**Task material**
lemma transpose_sum: "transpose (sum f S) = (\<Sum>k\<in>S. transpose (f k :: 'a::semiring_1^'n^'m))"
  by (induction S rule: infinite_finite_induct) (auto simp: transpose_add transpose_def vec_eq_iff)

lemma matrix_add_rdistrib: "(A + B) ** C = A ** C + B ** (C::'a::semiring_1^'p^'n)"
  by (vector matrix_matrix_mult_def sum.distrib[symmetric] field_simps)

lemma matrix_diff_ldistrib: "A ** (B - C) = A ** B - A ** (C::'a::ring_1^'p^'n)"
  by (vector matrix_matrix_mult_def sum_subtractf[symmetric] field_simps)

lemma matrix_diff_rdistrib: "(A - B) ** C = A ** C - B ** (C::'a::ring_1^'p^'n)"
  by (vector matrix_matrix_mult_def sum_subtractf[symmetric] field_simps)

lemma matrix_sum_ldistrib: "(A::'a::semiring_1^'n^'m) ** sum f S = (\<Sum>k\<in>S. A ** f k)"
  by (induction S rule: infinite_finite_induct) (auto simp: matrix_add_ldistrib)

lemma matrix_sum_rdistrib: "sum f S ** (A::'a::semiring_1^'p^'n) = (\<Sum>k\<in>S. f k ** A)"
  by (induction S rule: infinite_finite_induct) (auto simp: matrix_add_rdistrib)

lemma matrix_scaleR_right: "(A::real^'n^'m) ** (c *\<^sub>R B) = c *\<^sub>R (A ** B)"
  by (simp add: matrix_scalar_ac scalar_matrix_assoc)

lemma matrix_scaleR_left: "(c *\<^sub>R A) ** (B::real^'p^'n) = c *\<^sub>R (A ** B)"
  by (simp add: scalar_matrix_assoc)

lemma inner_matrix_eq: "inner (A::real^'n^'m) B = (\<Sum>i\<in>UNIV. \<Sum>j\<in>UNIV. A$i$j * B$i$j)"
  by (simp add: inner_vec_def)

lemma frob_inner_eq_inner: "frob_inner A B = inner A B"
  unfolding frob_inner_def trace_def inner_matrix_eq matrix_matrix_mult_def transpose_def
  by simp (rule sum.swap)
theorem mainTheorem19:
  fixes V :: "'a set" and Es :: "'e set" and edge :: "'e \<Rightarrow> 'a set" and cap :: "'e \<Rightarrow> real"
    and v :: "nat \<Rightarrow> 'a" and \<alpha> :: real and a b i j :: nat
  assumes "hypergraph V Es edge cap"
    and "MA_ordering V Es edge cap v"
    and "\<alpha> \<ge> 0"
    and "tight V Es edge cap v \<alpha> a b"
    and "a \<le> i" and "i \<le> b" and "a \<le> j" and "j \<le> b" and "i \<noteq> j"
  shows "lam V Es edge cap (v i) (v j) \<ge> \<alpha>"
proof (rule lam_geI)
  have "bij_betw v {1..card V} V"
    using assms(2) by (simp add: MA_ordering_def)
  moreover have "i \<in> {1..card V}" "j \<in> {1..card V}"
    using assms(4-8) by (auto simp: tight_def)
  ultimately show "v i \<in> V" "v i \<noteq> v j"
    using \<open>i \<noteq> j\<close> by (auto simp: bij_betw_def inj_on_eq_iff)
  show "finite V"
    using assms(1) by (simp add: hypergraph_def)
  show "\<alpha> \<le> cut_cap V Es edge cap S" if "S \<subseteq> V" "(v i \<in> S) \<noteq> (v j \<in> S)" for S
    using tight_separation_le_cut_cap[OF assms(1,2,4-8) that] .
qed

end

**Exercise goal**
Write the data out once more. Keep every word the same.

**Response box**
lemma transpose_sum: "transpose (sum f S) = (\<Sum>k\<in>S. transpose (f k :: 'a::semiring_1^'n^'m))"
  by (induction S rule: infinite_finite_induct) (auto simp: transpose_add transpose_def vec_eq_iff)

lemma matrix_add_rdistrib: "(A + B) ** C = A ** C + B ** (C::'a::semiring_1^'p^'n)"
  by (vector matrix_matrix_mult_def sum.distrib[symmetric] field_simps)

lemma matrix_diff_ldistrib: "A ** (B - C) = A ** B - A ** (C::'a::ring_1^'p^'n)"
  by (vector matrix_matrix_mult_def sum_subtractf[symmetric] field_simps)

lemma matrix_diff_rdistrib: "(A - B) ** C = A ** C - B ** (C::'a::ring_1^'p^'n)"
  by (vector matrix_matrix_mult_def sum_subtractf[symmetric] field_simps)

lemma matrix_sum_ldistrib: "(A::'a::semiring_1^'n^'m) ** sum f S = (\<Sum>k\<in>S. A ** f k)"
  by (induction S rule: infinite_finite_induct) (auto simp: matrix_add_ldistrib)

lemma matrix_sum_rdistrib: "sum f S ** (A::'a::semiring_1^'p^'n) = (\<Sum>k\<in>S. f k ** A)"
  by (induction S rule: infinite_finite_induct) (auto simp: matrix_add_rdistrib)

lemma matrix_scaleR_right: "(A::real^'n^'m) ** (c *\<^sub>R B) = c *\<^sub>R (A ** B)"
  by (simp add: matrix_scalar_ac scalar_matrix_assoc)

lemma matrix_scaleR_left: "(c *\<^sub>R A) ** (B::real^'p^'n) = c *\<^sub>R (A ** B)"
  by (simp add: scalar_matrix_assoc)

lemma inner_matrix_eq: "inner (A::real^'n^'m) B = (\<Sum>i\<in>UNIV. \<Sum>j\<in>UNIV. A$i$j * B$i$j)"
  by (simp add: inner_vec_def)

lemma frob_inner_eq_inner: "frob_inner A B = inner A B"
  unfolding frob_inner_def trace_def inner_matrix_eq matrix_matrix_mult_def transpose_def
  by simp (rule sum.swap)
theorem mainTheorem19:
  fixes V :: "'a set" and Es :: "'e set" and edge :: "'e \<Rightarrow> 'a set" and cap :: "'e \<Rightarrow> real"
    and v :: "nat \<Rightarrow> 'a" and \<alpha> :: real and a b i j :: nat
  assumes "hypergraph V Es edge cap"
    and "MA_ordering V Es edge cap v"
    and "\<alpha> \<ge> 0"
    and "tight V Es edge cap v \<alpha> a b"
    and "a \<le> i" and "i \<le> b" and "a \<le> j" and "j \<le> b" and "i \<noteq> j"
  shows "lam V Es edge cap (v i) (v j) \<ge> \<alpha>"
proof (rule lam_geI)
  have "bij_betw v {1..card V} V"
    using assms(2) by (simp add: MA_ordering_def)
  moreover have "i \<in> {1..card V}" "j \<in> {1..card V}"
    using assms(4-8) by (auto simp: tight_def)
  ultimately show "v i \<in> V" "v i \<noteq> v j"
    using \<open>i \<noteq> j\<close> by (auto simp: bij_betw_def inj_on_eq_iff)
  show "finite V"
    using assms(1) by (simp add: hypergraph_def)
  show "\<alpha> \<le> cut_cap V Es edge cap S" if "S \<subseteq> V" "(v i \<in> S) \<noteq> (v j \<in> S)" for S
    using tight_separation_le_cut_cap[OF assms(1,2,4-8) that] .
qed

end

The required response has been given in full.